In a Vendor Managed Inventory model, suppliers assume the responsibility of managing supply levels for their customers, based on shared information, in order to maximize inventory efficiency and reduce risk of overstock and out of stock.

This allows the Supplier to drive demand-supply network efficiencies and assure a high level of product availability while maintaining lower inventory levels.

Vendor Managed Inventory allows companies to maintain minimum, maximum, and target inventory levels while tracking consumption (pull) and replenishment cycles with customers. The dynamically-generated schedule ensures that suppliers restock to maintain inventory within the pre-defined contracted levels. Consumption-based replenishment ensures lean operations and lower inventory levels.

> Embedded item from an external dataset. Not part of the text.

(* Let $\mathcal X,\mathcal Y$ be nonempty convex compact sets and $\mathcal L:\mathcal X\times\mathcal Y\to\mathbb R$ a differentiable, uniformly strongly convex-concave function with saddle point $(x^*,y^* )$ and finite curvature constant $C_{\mathcal L}$ and finite $M_{\mathcal L}$. Let $z^{(t)}$ be a current iterate and, for a direction $d^{(t)}$ and step $\gamma$, let $w_\gamma:=w(z^{(t)}+\gamma d^{(t)})$ and $w_t:=w(z^{(t)})$. (I) If $(x^*,y^* )$ lies in the relative interior of $\mathcal X\times\mathcal Y$, $\mu^{int}_{\mathcal L}>0$, and $d^{(t)}=d^{(t)}_{FW}$ is the FW direction, then for any $\gamma\in[0,1]$, $$w_\gamma\le w_t-\nu^{FW}\gamma g_t^{FW}+\gamma^2C_{\mathcal L},\qquad\nu^{FW}:=1-\frac{M_{\mathcal L}}{\sqrt{\mu^{int}_{\mathcal L}}}.$$ (P) If $\mathcal X=\mathrm{conv}(\mathcal A)$, $\mathcal Y=\mathrm{conv}(\mathcal B)$ with $\mathcal A,\mathcal B$ finite, $\mu^A_{\mathcal L}>0$, and $d^{(t)}$ is the direction chosen by a step of SP-AFW at $z^{(t)}$, then for any $\gamma\in[0,\gamma_{\max}]$, $$w_\gamma\le w_t-\nu^{PFW}\gamma g_t^{PFW}+\gamma^2C_{\mathcal L},\qquad\nu^{PFW}:=\frac12-\frac{M_{\mathcal L}}{\sqrt{\mu^A_{\mathcal L}}}.$$
   Context: Convex-concave: $\mathcal L(\cdot,y)$ convex, $\mathcal L(x,\cdot)$ concave. Uniformly strongly convex-concave: there are $\mu_{\mathcal X},\mu_{\mathcal Y}>0$ with $\mathcal L(\cdot,y)$ $\mu_{\mathcal X}$-strongly convex for every $y$ and $-\mathcal L(x,\cdot)$ $\mu_{\mathcal Y}$-strongly convex for every $x$. Saddle point: $\mathcal L(x^*,y)\le\mathcal L(x^*,y^* )\le\mathcal L(x,y^* )$ for all $x,y$; $\mathcal L^*:=\mathcal L(x^*,y^* )$. For $z=(x,y)$: $r(z):=(\nabla_x\mathcal L(z),-\nabla_y\mathcal L(z))$, $w(z):=\mathcal L(x,y^* )-\mathcal L(x^*,y)$. With $r^{(t)}:=r(z^{(t)})$, $s^{(t)}\in\arg\min_{s\in\mathcal X\times\mathcal Y}\langle s,r^{(t)}\rangle$, $d^{(t)}_{FW}:=s^{(t)}-z^{(t)}$, $g_t^{FW}:=\langle-r^{(t)},d_{FW}^{(t)}\rangle$. SP-AFW step at $z^{(t)}$: $z^{(t)}$ is given with active sets $S_x^{(t)}\subseteq\mathcal A$, $S_y^{(t)}\subseteq\mathcal B$ and positive weights $\alpha$ summing to one on each, $x^{(t)}=\sum_{v\in S_x^{(t)}}\alpha_vv$, $y^{(t)}=\sum_{v\in S_y^{(t)}}\alpha_vv$. Let $v^{(t)}=(v_x^{(t)},v_y^{(t)})\in\arg\max_{v\in S_x^{(t)}\times S_y^{(t)}}\langle r^{(t)},v\rangle$, $d^{(t)}_A:=z^{(t)}-v^{(t)}$; if $\langle-r^{(t)},d^{(t)}_{FW}\rangle\ge\langle-r^{(t)},d^{(t)}_A\rangle$ then $d^{(t)}:=d^{(t)}_{FW}$, $\gamma_{\max}:=1$; else $d^{(t)}:=d^{(t)}_A$, $\gamma_{\max}:=\min\{\frac{\alpha_{v_x^{(t)}}}{1-\alpha_{v_x^{(t)}}},\frac{\alpha_{v_y^{(t)}}}{1-\alpha_{v_y^{(t)}}}\}$. $g_t^{PFW}:=\langle-r^{(t)},d^{(t)}_{FW}+d^{(t)}_A\rangle$. Constants. $\mathcal F:=\{\mathcal L(\cdot,y):y\in\mathcal Y\}$, $\mathcal G:=\{-\mathcal L(x,\cdot):x\in\mathcal X\}$. Curvature: $C_f:=\sup\frac2{\gamma^2}(f(x+\gamma(s-v))-f(x)-\gamma\langle s-v,\nabla f(x)\rangle)$ over $x,s,v$ in the domain, $\gamma>0$ with $x+\gamma(s-v)$ in the domain; $C_{\mathcal L}:=\frac12(\sup_{f\in\mathcal F}C_f+\sup_{g\in\mathcal G}C_g)$. Interior strong convexity of $f$ on $\mathcal K$ w.r.t. $x_c$ in its relative interior: $\mu_f^{x_c}:=\inf\frac2{\gamma^2}(f(u)-f(x)-\langle u-x,\nabla f(x)\rangle)$ over $x\in\mathcal K\setminus\{x_c\}$, $\gamma\in(0,1]$, $u=x+\gamma(s-x)$ where $s$ is where the ray from $x$ through $x_c$ meets the relative boundary of $\mathcal K$; $\mu^{int}_{\mathcal L}:=\min\{\inf_{f\in\mathcal F}\mu_f^{x^*},\inf_{g\in\mathcal G}\mu_g^{y^*}\}$. Geometric strong convexity of $f$ on $\mathcal K=\mathrm{conv}(\mathcal A)$: for $x\in\mathcal K$, $\mathcal S_x$ = family of $S\subseteq\mathcal A$ such that $x$ is a convex combination of all elements of $S$ with positive coefficients, $v_S(x)\in\arg\max_{v\in S}\langle\nabla f(x),v\rangle$, $v_f(x)\in\arg\min\{\langle\nabla f(x),v\rangle:v=v_S(x),S\in\mathcal S_x\}$, $s_f(x)\in\arg\min_{v\in\mathcal A}\langle\nabla f(x),v\rangle$, $\gamma^A(x,x'):=\frac{\langle-\nabla f(x),x'-x\rangle}{\langle-\nabla f(x),s_f(x)-v_f(x)\rangle}$, $\mu^A_f:=\inf_{x\in\mathcal K}\inf_{x':\langle\nabla f(x),x'-x\rangle<0}\frac2{\gamma^A(x,x')^2}(f(x')-f(x)-\langle x'-x,\nabla f(x)\rangle)$; $\mu^A_{\mathcal L}:=\min\{\inf_{f\in\mathcal F}\mu^A_f\text{ (over }\mathcal A),\inf_{g\in\mathcal G}\mu^A_g\text{ (over }\mathcal B)\}$. Bilinearity: $M_{XY}:=\sup\langle s-v,\frac{\nabla_x\mathcal L(x,y^* )-\nabla_x\mathcal L(x,y)}{\sqrt{\mathcal L^*-\mathcal L(x^*,y)}}\rangle$ over $y\ne y^*$, $x,s,v\in\mathcal X$; $M_{YX}:=\sup\langle s-v,\frac{\nabla_y\mathcal L(x,y)-\nabla_y\mathcal L(x^*,y)}{\sqrt{\mathcal L(x,y^* )-\mathcal L^*}}\rangle$ over $x\ne x^*$, $y,s,v\in\mathcal Y$; $M_{\mathcal L}:=\max\{M_{XY},M_{YX}\}$. *)

theory Defs
  imports "HOL-Analysis.Analysis" "HOL-Library.Extended_Real"
begin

A successful VMI solution requires three key components: a Forecasting Process, a Replenishment Process and Performance Monitoring.

Forecasting Process

This is the process of demand collaboration between the buying entity and supplying entity. It ensures agreement on a plan which leads to the creation of a Blanket Order. This plan is what drives the Supply and Operations Departments at the Supplying entity.


Replenishment Process

This process can prove to be more complex and multi-dimensional than the forecasting process. It ensures that entities (or tiers) needed for the VMI buffer feeding the Buying entity are properly planned for and replenished. The complexity of this process depends on the VMI configuration being considered and the network requirements (locations, lead times, frequency of shipments, etc.).


Performance Monitoring

Most VMI setups include a set of performance criteria that protect the Buying entity in return for giving the Supplying entity access to better demand (consumption) data. This process is concerned with tracking the attributes of such an agreement (e.g. maintaining inventory within the Min/Max band, etc.).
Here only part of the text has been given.